The generator was used as a motor to keep a flywheel up to speed - the flywheel being used to start an engine in the event of power failure. Unfortunately the flywheel, a U-section welded to the spokes of the wheel, wasn't up to the job. So an "engineer" there had the brainwave of welding in some baffles into the U-section and then topping up the flywheel with water, once it had got to operational speed, to increase the rotational mass.

Not sure if the story is true or another "engineer's myths" - but I was told that that was why the on-site emergency backup wasn't working and why the generator room had water marks on the ceiling and walls. Mind you, it was in the days when I was an apprentice and quite likely to toddle off to the stores in search of red oil for the warning lamps. They even got me with the bucket of water and the broom trick...

Reply to
Palindr☻me

I have seen a similar generator built by Kohler at an antique engine show. They were built mostly for farm use in the days before utility power reached rural areas. This one was rated for 1000 watts at 110 volts dc and started on 24 volt battery power. If you turned on a load, battery power caused a current relay to close and put 24 volts to the ignition and starter windings. Once the engine was up to speed, another relay switched the load to 110 volts while the start windings generated voltage to charge the battery. When all of the load was turned off, the current relay dropped out and stopped the engine.

On a side note, I know of a county office building that has three old backup generators.
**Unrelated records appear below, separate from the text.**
(* Let $p\in[1,\infty]$. (i) If $\mathcal A\subsetneq\mathcal B$ are $\sigma$-subfields, then $\|\mathbb P_{\mathcal B}-\mathbb P_{\mathcal A}\|_{L^p\to L^p}\ge1$. (ii) If $\mathcal A,\mathcal B$ are $\sigma$-subfields and there is $A\in\mathcal A$ with $\mathbb P(A)\in(0,1)$ that is independent of $\mathcal B$, then $\|\mathbb P_{\mathcal A}-\mathbb P_{\mathcal B}\|_{L^p\to L^p}\ge1$. Consequently, for $\sigma$-subfields $(\mathcal B_n)_{n\in\mathbb N_0}$, $\|\mathbb P_{\mathcal B_n}-\mathbb P_{\mathcal B_0}\|_{L^p\to L^p}\not\to0$ whenever either for infinitely many $n$ one has $\mathcal B_n\subsetneq\mathcal B_0$ or $\mathcal B_0\subsetneq\mathcal B_n$, or for infinitely many $n$ one of $\mathcal B_n,\mathcal B_0$ contains an event of probability in $(0,1)$ independent of the other. In particular, a monotone (increasing or decreasing) sequence of $\sigma$-subfields that is not ultimately constant never converges to its limit $\bigvee_n\mathcal B_n$ (resp. $\bigcap_n\mathcal B_n$) in the $L^p\to L^p$ operator norm.
   Context: Let $(\Omega,\mathcal F,\mathbb P)$ be a (not necessarily complete) probability space and $\mathcal N:=\{F\in\mathcal F:\mathbb P(F)=0\}$. A $\sigma$-subfield is a sub-$\sigma$-field $\mathcal A\subset\mathcal F$ with $\mathcal A=\sigma(\mathcal A\cup\mathcal N)$. For a $\sigma$-subfield $\mathcal A$, $\mathbb P_{\mathcal A}f:=\mathbb E^{\mathbb P}[f\mid\mathcal A]$, viewed as a bounded linear operator on the real normed space $L^p(\mathbb P)$; $\|\cdot\|_{L^p\to L^p}$ is the operator norm. *)

theory Defs
  imports "HOL-Probability.Probability"
begin
theorem shape_reg_maubach_desc_le:
  fixes T0 :: "'a::euclidean_space tsimplex"
  assumes n: "n = DIM('a)" and T0: "is_tagged_nsimplex n T0" and T: "T \<in> maubach_desc n T0"
  shows "shape_reg (simplex_set n (fst T)) \<le> (5/4 * real n)\<^sup>2 * shape_reg (simplex_set n (fst T0))"
proof -
  let ?R = "ref_frame (snd T0)" and ?v = "fst T0"
  have g0: "snd T0 \<in> {1..n}" and v: "is_nsimplex n ?v" using T0 by (auto simp: is_tagged_nsimplex_def)
  have R: "is_frame n ?R" by (rule is_frame_ref_frame[OF g0])
  obtain F where F: "is_frame n F" and vertex_T: "\<And>j. j \<le> n \<Longrightarrow> fst T j = frame_map n ?R ?v (frame_vertex F j)"
    using maubach_desc_frame[OF g0 T] by blast
  obtain p where up: "simplex_set n (fst T)
      \<subseteq> (\<lambda>x. p + (fr_len F * frame_ratio n F ?R) *\<^sub>R x) ` simplex_set n ?v"
    using simplex_set_frame_homothetic[OF R F vertex_T] by (auto simp: ref_frame_def)
  have vertex_T0: "?v i = frame_map n F (fst T) (frame_vertex ?R i)" if "i \<le> n" for i
  proof -
    let ?b = "frame_bary n F (frame_vertex ?R i)"
    have "?v i = frame_map n ?R ?v (frame_vertex ?R i)"
      by (rule frame_map_frame_vertex[OF R that, symmetric])
    also have "\<dots> = frame_map n ?R ?v (\<lambda>k. \<Sum>j\<le>n. ?b j * frame_vertex F j k)"
      by (rule frame_map_cong) (simp add: frame_vertex_bary[OF F])
    also have "\<dots> = (\<Sum>j\<le>n. ?b j *\<^sub>R frame_map n ?R ?v (frame_vertex F j))"
      by (rule frame_map_affine) (auto simp: frame_bary_sum)
    also have "\<dots> = frame_map n F (fst T) (frame_vertex ?R i)"
      by (simp add: frame_map_def vertex_T)
    finally show ?thesis .
  qed
  obtain q where down: "simplex_set n ?v
      \<subseteq> (\<lambda>x. q + (frame_ratio n ?R F / fr_len F) *\<^sub>R x) ` simplex_set n (fst T)"
    using simplex_set_frame_homothetic[OF F R vertex_T0] by (auto simp: ref_frame_def)
  have len: "0 < fr_len F" and "1 \<le> n" using is_frameD(1)[OF F] g0 by auto
  then have "shape_reg (simplex_set n (fst T))
      \<le> fr_len F * frame_ratio n F ?R * (frame_ratio n ?R F / fr_len F) * shape_reg (simplex_set n ?v)"
    using frame_ratio_pos inner_diam_simplex_set_pos[OF n v]
    by (intro shape_reg_le_mutually_homothetic[OF up down] simplex_set_bounded simplex_set_nonempty) auto
  also have "\<dots> = frame_ratio n F ?R * frame_ratio n ?R F * shape_reg (simplex_set n ?v)"
    using len by simp
  also have "\<dots> \<le> (5/4 * real n)\<^sup>2 * shape_reg (simplex_set n ?v)"
    by (intro mult_right_mono frame_ratio_mult_le shape_reg_nonneg simplex_set_bounded simplex_set_nonempty)
  finally show ?thesis .
qed

section \<open>The Kuhn simplex\<close>

lemma convex_on_infdist:
  fixes S :: "'a::real_normed_vector set"
  assumes "convex S" and "S \<noteq> {}"
  shows "convex_on UNIV (\<lambda>x. infdist x S)"
proof (rule convex_onI[OF _ convex_UNIV])
  fix t :: real and x y :: 'a assume t: "0 < t" "t < 1"
  let ?z = "(1 - t) *\<^sub>R x + t *\<^sub>R y"
  have ge: "c \<le> infdist p S" if "\<And>a. a \<in> S \<Longrightarrow> c \<le> dist p a" for c p
    unfolding infdist_notempty[OF assms(2)] using that assms(2) by (intro cINF_greatest) auto
  have main: "infdist ?z S \<le> (1 - t) * dist x a + t * dist y b" if "a \<in> S" "b \<in> S" for a b
  proof -
    have "(1 - t) *\<^sub>R a + t *\<^sub>R b \<in> S" using convexD[OF assms(1) that] t by simp
    then have "infdist ?z S \<le> dist ?z ((1 - t) *\<^sub>R a + t *\<^sub>R b)" by (rule infdist_le)
    also have "\<dots> = norm ((1 - t) *\<^sub>R (x - a) + t *\<^sub>R (y - b))"
      by (simp add: dist_norm algebra_simps)
    also have "\<dots> \<le> (1 - t) * dist x a + t * dist y b"
      using norm_triangle_ineq[of "(1 - t) *\<^sub>R (x - a)" "t *\<^sub>R (y - b)"] t by (simp add: dist_norm)
    finally show ?thesis .
  qed
  have x_bound: "(infdist ?z S - t * dist y b) / (1 - t) \<le> infdist x S" if "b \<in> S" for b
  proof (rule ge)
    fix a assume "a \<in> S"
    then show "(infdist ?z S - t * dist y b) / (1 - t) \<le> dist x a"
      using main[OF _ that] t by (simp add: field_simps)
  qed
  have "(infdist ?z S - (1 - t) * infdist x S) / t \<le> infdist y S"
  proof (rule ge)
    fix b assume "b \<in> S"
    then show "(infdist ?z S - (1 - t) * infdist x S) / t \<le> dist y b"
      using x_bound[of b] t by (simp add: field_simps)
  qed
  then show "infdist ?z S \<le> (1 - t) * infdist x S + t * infdist y S"
    using t by (simp add: field_simps)
qed

text \<open>Padding by \<open>1\<close> at index \<open>0\<close> and by \<open>0\<close> beyond \<open>n\<close> makes the consecutive differences
  \<open>kuhn_bary\<close> the barycentric coordinates with respect to the Kuhn simplex.\<close>

definition kuhn_coord :: "nat \<Rightarrow> (nat \<Rightarrow> 'a::euclidean_space) \<Rightarrow> nat \<Rightarrow> 'a \<Rightarrow> real" where
  "kuhn_coord n \<pi> k x = (if k = 0 then 1 else if k \<le> n then x \<bullet> \<pi> k else 0)"

definition kuhn_bary :: "nat \<Rightarrow> (nat \<Rightarrow> 'a::euclidean_space) \<Rightarrow> nat \<Rightarrow> 'a \<Rightarrow> real" where
  "kuhn_bary n \<pi> i x = kuhn_coord n \<pi> i x - kuhn_coord n \<pi> (Suc i) x"

lemma kuhn_bary_sum: "(\<Sum>i\<le>n. kuhn_bary n \<pi> i x) = 1"
proof -
  have "(\<Sum>i\<le>n. kuhn_bary n \<pi> i x) = kuhn_coord n \<pi> 0 x - kuhn_coord n \<pi> (Suc n) x"
    unfolding kuhn_bary_def by (rule sum_telescope)
  then show ?thesis by (simp add: kuhn_coord_def)
qed

lemma kuhn_bary_convex_combination:
  "u + v = 1 \<Longrightarrow> kuhn_bary n \<pi> i (u *\<^sub>R x + v *\<^sub>R y) = u * kuhn_bary n \<pi> i x + v * kuhn_bary n \<pi> i y"
  by (auto simp: kuhn_bary_def kuhn_coord_def algebra_simps)

lemma kuhn_vertices_0: "kuhn_vertices \<pi> 0 = 0"
  by (simp add: kuhn_vertices_def)

context
  fixes \<pi> :: "nat \<Rightarrow> 'a::euclidean_space" and n :: nat
  assumes kuhn_basis: "bij_betw \<pi> {1..n} Basis"
begin

lemma kuhn_basis_in_Basis: "j \<in> {1..n} \<Longrightarrow> \<pi> j \<in> Basis"
  using kuhn_basis bij_betwE by blast

lemma inner_kuhn_basis:
  assumes "i \<in> {1..n}" and "j \<in> {1..n}"
  shows "\<pi> i \<bullet> \<pi> j = (if i = j then 1 else 0)"
proof -
  have "inj_on \<pi> {1..n}" using kuhn_basis by (rule bij_betw_imp_inj_on)
  then have "\<pi> i = \<pi> j \<longleftrightarrow> i = j" using inj_onD[of \<pi> "{1..n}" i j] assms by blast
  moreover have "\<pi> i \<in> Basis" "\<pi> j \<in> Basis" using assms by (simp_all add: kuhn_basis_in_Basis)
  ultimately show ?thesis by (simp add: inner_Basis)
qed

lemma inner_kuhn_vertices:
  assumes "m \<in> {1..n}" and "j \<le> n"
  shows "kuhn_vertices \<pi> j \<bullet> \<pi> m = (if m \<le> j then 1 else 0)"
proof -
  have "kuhn_vertices \<pi> j \<bullet> \<pi> m = (\<Sum>l\<in>{1..j}. \<pi> l \<bullet> \<pi> m)"
    by (simp add: kuhn_vertices_def inner_sum_left)
  also have "\<dots> = (\<Sum>l\<in>{1..j}. if l = m then 1 else 0)"
  proof (rule sum.cong[OF refl])
    fix l assume "l \<in> {1..j}"
    then show "\<pi> l \<bullet> \<pi> m = (if l = m then 1 else 0)" using assms by (intro inner_kuhn_basis) auto
  qed
  also have "\<dots> = (if m \<le> j then 1 else 0)" using assms by simp
  finally show ?thesis .
qed

lemma kuhn_coord_kuhn_vertices:
  "j \<le> n \<Longrightarrow> kuhn_coord n \<pi> k (kuhn_vertices \<pi> j) = (if k \<le> j then 1 else 0)"
  by (cases "k = 0") (simp_all add: kuhn_coord_def inner_kuhn_vertices)

lemma kuhn_bary_kuhn_vertices:
  "j \<le> n \<Longrightarrow> kuhn_bary n \<pi> i (kuhn_vertices \<pi> j) = (if i = j then 1 else 0)"
  by (simp add: kuhn_bary_def kuhn_coord_kuhn_vertices)

lemma kuhn_bary_combination: "(\<Sum>i\<le>n. kuhn_bary n \<pi> i x *\<^sub>R kuhn_vertices \<pi> i) = x"
proof (rule euclidean_eqI)
  fix b :: 'a assume "b \<in> Basis"
  then have "b \<in> \<pi> ` {1..n}" using kuhn_basis by (simp add: bij_betw_def)
  then obtain m where m: "m \<in> {1..n}" "b = \<pi> m" by blast
  have "(\<Sum>i\<le>n. kuhn_bary n \<pi> i x *\<^sub>R kuhn_vertices \<pi> i) \<bullet> \<pi> m
      = (\<Sum>i\<in>{m..n}. kuhn_bary n \<pi> i x)"
  proof -
    have "{i\<in>{..n}. m \<le> i} = {m..n}" by auto
    then show ?thesis
      using m by (simp add: inner_sum_left inner_kuhn_vertices sum.inter_filter[symmetric] if_distrib
          cong: if_cong)
  qed
  also have "\<dots> = kuhn_coord n \<pi> m x - kuhn_coord n \<pi> (Suc n) x"
    unfolding kuhn_bary_def using m by (intro sum_telescope_atLeastAtMost) auto
  also have "\<dots> = x \<bullet> \<pi> m" using m by (simp add: kuhn_coord_def)
  finally show "(\<Sum>i\<le>n. kuhn_bary n \<pi> i x *\<^sub>R kuhn_vertices \<pi> i) \<bullet> b = x \<bullet> b" using m by simp
qed
lemma sum_symm_gmu_append_mu:
  assumes xs: "length xs = k" and s: "2 * s \<le> Suc k"
  shows "(\<Sum>c\<in>UNIV. symm (gmu s mu) (xs @ [c]) * mu $ c)
    = (real (Suc k - 2 * s) * mdot mu * symm (gmu s mu) xs + real (2 * s) * symm (gmu (s - 1) mu) xs)
        / real (Suc k)"
proof -
  define H where "H = (\<lambda>j ys. \<Sum>c\<in>UNIV. gmu s mu (insert_at j c ys) * mu $ c)"
  have "(\<Sum>c\<in>UNIV. symm (gmu s mu) (xs @ [c]) * mu $ c)
      = (\<Sum>c\<in>UNIV. \<Sum>j\<le>k. symm (\<lambda>ys. gmu s mu (insert_at j c ys)) xs * mu $ c) / real (Suc k)"
    by (simp add: symm_append_single[OF xs] sum_divide_distrib sum_distrib_right)
  also have "\<dots> = (\<Sum>j\<le>k. \<Sum>c\<in>UNIV. symm (\<lambda>ys. gmu s mu (insert_at j c ys)) xs * mu $ c) / real (Suc k)"
    by (subst sum.swap) (rule refl)
  also have "\<dots> = (\<Sum>j\<le>k. symm (H j) xs) / real (Suc k)"
    unfolding H_def by (simp only: symm_sum symm_mult_right)
  also have "(\<Sum>j\<le>k. symm (H j) xs) = (\<Sum>j<2 * s. symm (H j) xs) + (\<Sum>j\<in>{2 * s..k}. symm (H j) xs)"
    using s by (subst sum.union_disjoint[symmetric]) (auto intro: sum.cong)
  also have "(\<Sum>j<2 * s. symm (H j) xs) = (\<Sum>j<2 * s. symm (gmu (s - 1) mu) xs)"
  proof (rule sum.cong[OF refl])
    fix j assume "j \<in> {..<2 * s}"
    then have "symm (H j) xs = symm (gmu_contracted mu (j div 2) s) xs"
      using xs s by (intro symm_cong) (simp add: H_def sum_gmu_insert_at_metric)
    also have "\<dots> = symm (gmu (s - 1) mu) xs"
      using \<open>j \<in> {..<2 * s}\<close> xs s by (intro symm_gmu_contracted) auto
    finally show "symm (H j) xs = symm (gmu (s - 1) mu) xs" .
  qed
  also have "(\<Sum>j\<in>{2 * s..k}. symm (H j) xs) = (\<Sum>j\<in>{2 * s..k}. mdot mu * symm (gmu s mu) xs)"
  proof (rule sum.cong[OF refl])
    fix j assume "j \<in> {2 * s..k}"
    then have "symm (H j) xs = symm (\<lambda>ys. mdot mu * gmu s mu ys) xs"
      using xs by (intro symm_cong) (simp add: H_def sum_gmu_insert_at_raised)
    then show "symm (H j) xs = mdot mu * symm (gmu s mu) xs"
      by (simp add: symm_mult_left)
  qed
  finally show ?thesis
    using s by (simp add: algebra_simps of_nat_diff)
qed
text \<open>
  The local conditions at the vertex \<open>t \<alpha>\<close> force the relation \<open>g \<circ> g \<circ> f = f \<circ> f \<circ> g\<close> on
  arrows, so together with \<open>f\<^sup>3 = g\<^sup>3 = id\<close> the permutations \<open>f\<close>, \<open>g\<close> generate an action of a quotient
  of \<open>\<langle>a, b | a\<^sup>3, b\<^sup>3, (a b)\<^sup>2\<rangle> \<cong> A\<^sub>4\<close> (with \<open>a = f\<close>, \<open>b = g\<inverse>\<close>). Loops, 2-cycles and the
  degree conditions exclude fixed points of the eleven non-trivial elements, so the action is free,
  and connectedness makes it transitive. Hence the arrows form a regular \<open>A\<^sub>4\<close>-set, which is
  exactly the arrow set of the tetrahedron quiver with \<open>f\<close> turning around faces and \<open>g\<close> around
  punctures; vertices and \<open>g\<close>-orbits are then read off on the tetrahedron.
\<close>

lemma quiver_iso_sym:
  assumes "quiver V A s t" and "quiver_iso V A s t V' A' s' t'"
  shows "quiver_iso V' A' s' t' V A s t"
proof -
  obtain \<phi> \<psi> where \<phi>: "bij_betw \<phi> V V'" and \<psi>: "bij_betw \<psi> A A'"
    and compat: "\<forall>\<alpha>\<in>A. s' (\<psi> \<alpha>) = \<phi> (s \<alpha>) \<and> t' (\<psi> \<alpha>) = \<phi> (t \<alpha>)"
    using assms(2) unfolding quiver_iso_def by blast
  have "s (inv_into A \<psi> \<beta>) = inv_into V \<phi> (s' \<beta>) \<and> t (inv_into A \<psi> \<beta>) = inv_into V \<phi> (t' \<beta>)"
    if "\<beta> \<in> A'" for \<beta>
  proof -
    define \<alpha> where "\<alpha> = inv_into A \<psi> \<beta>"
    have "\<alpha> \<in> A" "\<psi> \<alpha> = \<beta>"
      using \<psi> that unfolding \<alpha>_def by (auto simp: bij_betw_def inv_into_into f_inv_into_f)
    moreover have "s \<alpha> \<in> V" "t \<alpha> \<in> V"
      using assms(1) \<open>\<alpha> \<in> A\<close> by (auto simp: quiver_def)
    ultimately show ?thesis
      using compat \<phi> unfolding \<alpha>_def by (auto simp: bij_betw_def inv_into_f_f)
  qed
  then show ?thesis
    unfolding quiver_iso_def using bij_betw_inv_into[OF \<phi>] bij_betw_inv_into[OF \<psi>] by blast
qed

lemma quiver_iso_card:
  assumes "quiver_iso V A s t V' A' s' t'"
  shows "card V = card V'" and "card A = card A'"
  using assms bij_betw_same_card unfolding quiver_iso_def by blast+

lemma quiver_iso_if_bij_on_arrows:
  assumes "quiver V A s t" and "quiver V' A' s' t'" and "bij_betw \<psi> A A'"
    and tgt_onto: "\<forall>v\<in>V. \<exists>\<alpha>\<in>A. t \<alpha> = v" "\<forall>v\<in>V'. \<exists>\<beta>\<in>A'. t' \<beta> = v"
    and tgt_compat: "\<And>\<alpha> \<beta>. \<alpha> \<in> A \<Longrightarrow> \<beta> \<in> A \<Longrightarrow> t' (\<psi> \<alpha>) = t' (\<psi> \<beta>) \<longleftrightarrow> t \<alpha> = t \<beta>"
    and src_compat: "\<And>\<alpha>. \<alpha> \<in> A \<Longrightarrow> \<exists>\<beta>\<in>A. s \<alpha> = t \<beta> \<and> s' (\<psi> \<alpha>) = t' (\<psi> \<beta>)"
  shows "quiver_iso V A s t V' A' s' t'"
proof -
  define \<phi> where "\<phi> v = t' (\<psi> (SOME \<alpha>. \<alpha> \<in> A \<and> t \<alpha> = v))" for v
  have \<phi>_tgt: "\<phi> (t \<alpha>) = t' (\<psi> \<alpha>)" if "\<alpha> \<in> A" for \<alpha>
  proof -
    have "(SOME \<beta>. \<beta> \<in> A \<and> t \<beta> = t \<alpha>) \<in> A \<and> t (SOME \<beta>. \<beta> \<in> A \<and> t \<beta> = t \<alpha>) = t \<alpha>"
      by (rule someI[of _ \<alpha>]) (simp add: that)
    then show ?thesis
      unfolding \<phi>_def using tgt_compat that by blast
  qed
  have "inj_on \<phi> V"
  proof (rule inj_onI)
    fix v w assume "v \<in> V" "w \<in> V" "\<phi> v = \<phi> w"
    then show "v = w"
      using tgt_onto(1) \<phi>_tgt tgt_compat by metis
  qed
  moreover have "\<phi> ` V = V'"
  proof
    show "\<phi> ` V \<subseteq> V'"
      using tgt_onto(1) \<phi>_tgt assms(2,3) by (force simp: quiver_def bij_betw_def)
    show "V' \<subseteq> \<phi> ` V"
    proof
      fix v assume "v \<in> V'"
      then obtain \<alpha> where "\<alpha> \<in> A" "t' (\<psi> \<alpha>) = v"
        using tgt_onto(2) assms(3) by (metis bij_betw_iff_bijections)
      then show "v \<in> \<phi> ` V"
        using \<phi>_tgt assms(1) by (metis image_eqI quiver_def)
    qed
  qed
  moreover have "s' (\<psi> \<alpha>) = \<phi> (s \<alpha>) \<and> t' (\<psi> \<alpha>) = \<phi> (t \<alpha>)" if "\<alpha> \<in> A" for \<alpha>
    using src_compat[OF that] \<phi>_tgt that by metis
  ultimately show ?thesis
    using assms(3) unfolding quiver_iso_def bij_betw_def by blast
qed

lemma orbit_of_eq_if_cube:
  assumes "g (g (g x)) = x"
  shows "orbit_of g x = {x, g x, g (g x)}"
proof -
  have "(g ^^ n) x \<in> {x, g x, g (g x)}" for n
    using assms by (induction n) auto
  moreover have "x = (g ^^ 0) x" "g x = (g ^^ 1) x" "g (g x) = (g ^^ 2) x"
    by (simp_all add: numeral_2_eq_2)
  ultimately show ?thesis
    unfolding orbit_of_def by blast
qed

lemma image_orbit_of:
  assumes "\<forall>y\<in>M. h y \<in> M" and "\<forall>y\<in>M. \<phi> (h y) = k (\<phi> y)" and "x \<in> M"
  shows "\<phi> ` orbit_of h x = orbit_of k (\<phi> x)"
proof -
  have "(h ^^ n) x \<in> M \<and> \<phi> ((h ^^ n) x) = (k ^^ n) (\<phi> x)" for n
    using assms by (induction n) auto
  then show ?thesis
    unfolding orbit_of_def by (auto intro: image_eqI[OF sym])
qed

text \<open>On the arrow \<open>(p, a, b)\<close> of the tetrahedron, \<open>tet_f\<close> continues along the boundary of the face
  \<open>{p, a, b}\<close> and \<open>tet_g\<close> turns around the puncture \<open>p\<close>.\<close>

definition tet_f :: "nat \<times> nat \<times> nat \<Rightarrow> nat \<times> nat \<times> nat" where
  "tet_f = (\<lambda>(p, a, b). (b, p, a))"

definition tet_g :: "nat \<times> nat \<times> nat \<Rightarrow> nat \<times> nat \<times> nat" where
  "tet_g = (\<lambda>(p, a, b). (p, b, 6 - p - a - b))"

lemma tet_arrows_eq:
  "tet_arrows = set [(0,1,2), (2,0,1), (0,2,3), (1,2,0), (3,0,2), (2,1,3),
                     (0,3,1), (2,3,0), (3,2,1), (1,0,3), (1,3,2), (3,1,0)]"
proof -
  have "tet_arrows = Set.filter (\<lambda>(p, a, b). tet_ccw p a b) ({0..<4} \<times> {0..<4} \<times> {0..<4})"
    by (auto simp: tet_arrows_def tet_ccw_def)
  also have "\<dots> = set [(0,1,2), (2,0,1), (0,2,3), (1,2,0), (3,0,2), (2,1,3),
                     (0,3,1), (2,3,0), (3,2,1), (1,0,3), (1,3,2), (3,1,0)]"
    by code_simp
  finally show ?thesis .
qed

lemma tet_vertices_eq: "tet_vertices = {{0,1}, {0,2}, {0,3}, {1,2}, {1,3}, {2,3}}"
proof -
  have "tet_vertices = Set.filter (\<lambda>e. card e = 2) (Pow {0..3})"
    by (auto simp: tet_vertices_def)
  also have "\<dots> = {{0,1}, {0,2}, {0,3}, {1,2}, {1,3}, {2,3}}"
    by code_simp
  finally show ?thesis .
qed

lemma card_tet_arrows: "card tet_arrows = 12"
  unfolding tet_arrows_eq by code_simp
definition unit_entries :: "'a::ring_1^'n^'n \<Rightarrow> bool" where
  "unit_entries M \<longleftrightarrow> (\<forall>i j. is_unit (M $ i $ j))"

definition entrywise_inv_transpose :: "'a::ring_1^'n^'n \<Rightarrow> 'a^'n^'n" where
  "entrywise_inv_transpose M = (\<chi> j k. ring_inv (M $ k $ j))"

lemma entrywise_inv_transpose_nth [simp]:
  "entrywise_inv_transpose M $ j $ k = ring_inv (M $ k $ j)"
  by (simp add: entrywise_inv_transpose_def)

lemma unit_entries_entrywise_inv_transpose:
  "unit_entries M \<Longrightarrow> unit_entries (entrywise_inv_transpose M)"
  by (simp add: unit_entries_def is_unit_ring_inv)

lemma entrywise_inv_transpose_involutive:
  "unit_entries M \<Longrightarrow> entrywise_inv_transpose (entrywise_inv_transpose M) = M"
  by (simp add: unit_entries_def vec_eq_iff ring_inv_ring_inv)

lemma J_eq_Some_iff:
  "J A = Some B \<longleftrightarrow> A ** matrix_inv A = mat 1 \<and> matrix_inv A ** A = mat 1 \<and>
     unit_entries (matrix_inv A) \<and> B = entrywise_inv_transpose (matrix_inv A)"
  by (auto simp: J_def J1_def J2_def unit_entries_def entrywise_inv_transpose_def
      matrix_inv_right matrix_inv_left invertible_def)

definition diag_mat :: "('n \<Rightarrow> 'a::zero) \<Rightarrow> 'a^'n^'n" where
  "diag_mat e = (\<chi> i j. if i = j then e i else 0)"

lemma diagonal_mat_diag_mat: "diagonal_mat (diag_mat e)"
  by (simp add: diagonal_mat_def diag_mat_def)

lemma diagonal_mat_eq_diag_mat: "diagonal_mat D \<Longrightarrow> D = diag_mat (\<lambda>i. D $ i $ i)"
  by (auto simp: diagonal_mat_def diag_mat_def vec_eq_iff)

lemma matrix_mult_diag_mat_nth: "(A ** diag_mat e) $ i $ j = A $ i $ j * e j"
  by (simp add: matrix_mult_nth diag_mat_def if_distrib cong: if_cong)

lemma diag_mat_matrix_mult_nth: "(diag_mat e ** A) $ i $ j = e i * A $ i $ j"
  by (simp add: matrix_mult_nth diag_mat_def if_distrib if_distribR cong: if_cong)

lemma invertible_diag_mat:
  fixes e :: "'n::finite \<Rightarrow> 'a::ring_1"
  assumes "\<And>i. is_unit (e i)"
  shows "invertible (diag_mat e)"
  unfolding invertible_def
proof (intro exI conjI)
  show "diag_mat e ** diag_mat (\<lambda>i. ring_inv (e i)) = mat 1"
       "diag_mat (\<lambda>i. ring_inv (e i)) ** diag_mat e = mat 1"
    by (simp_all only: vec_eq_iff diag_mat_matrix_mult_nth)
      (simp_all add: mat_def diag_mat_def ring_inv_right ring_inv_left assms)
qed

lemma UNIV_3_distinct:
  fixes k s t :: 3
  assumes "distinct [k, s, t]"
  shows "UNIV = {k, s, t}"
proof (rule card_subset_eq[symmetric])
  show "card {k, s, t} = card (UNIV :: 3 set)" using assms by simp
qed simp_all

lemma sum_UNIV_3_distinct:
  fixes k s t :: 3
  assumes "distinct [k, s, t]"
  shows "sum f UNIV = f k + f s + f t"
  using assms by (simp add: UNIV_3_distinct[OF assms] add.assoc)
They're so old and undersized that there's not enough power to run the computers during a utility outage. In face, the engine on one of them is a Ford flathead V-8!

Mike

Reply to
inetnews.worldnet.att.net

Energy from a battery feeds the generator. Any other way and it's a perpetual motion machine.

Dwayne

Reply to
Dwayne

The guy who has it says its a model S-140. I can't find any info on it ...

Reply to
N7RX

Mind

those villains!

i heard about some guys that sent the owners son out for a gallon of striped paint.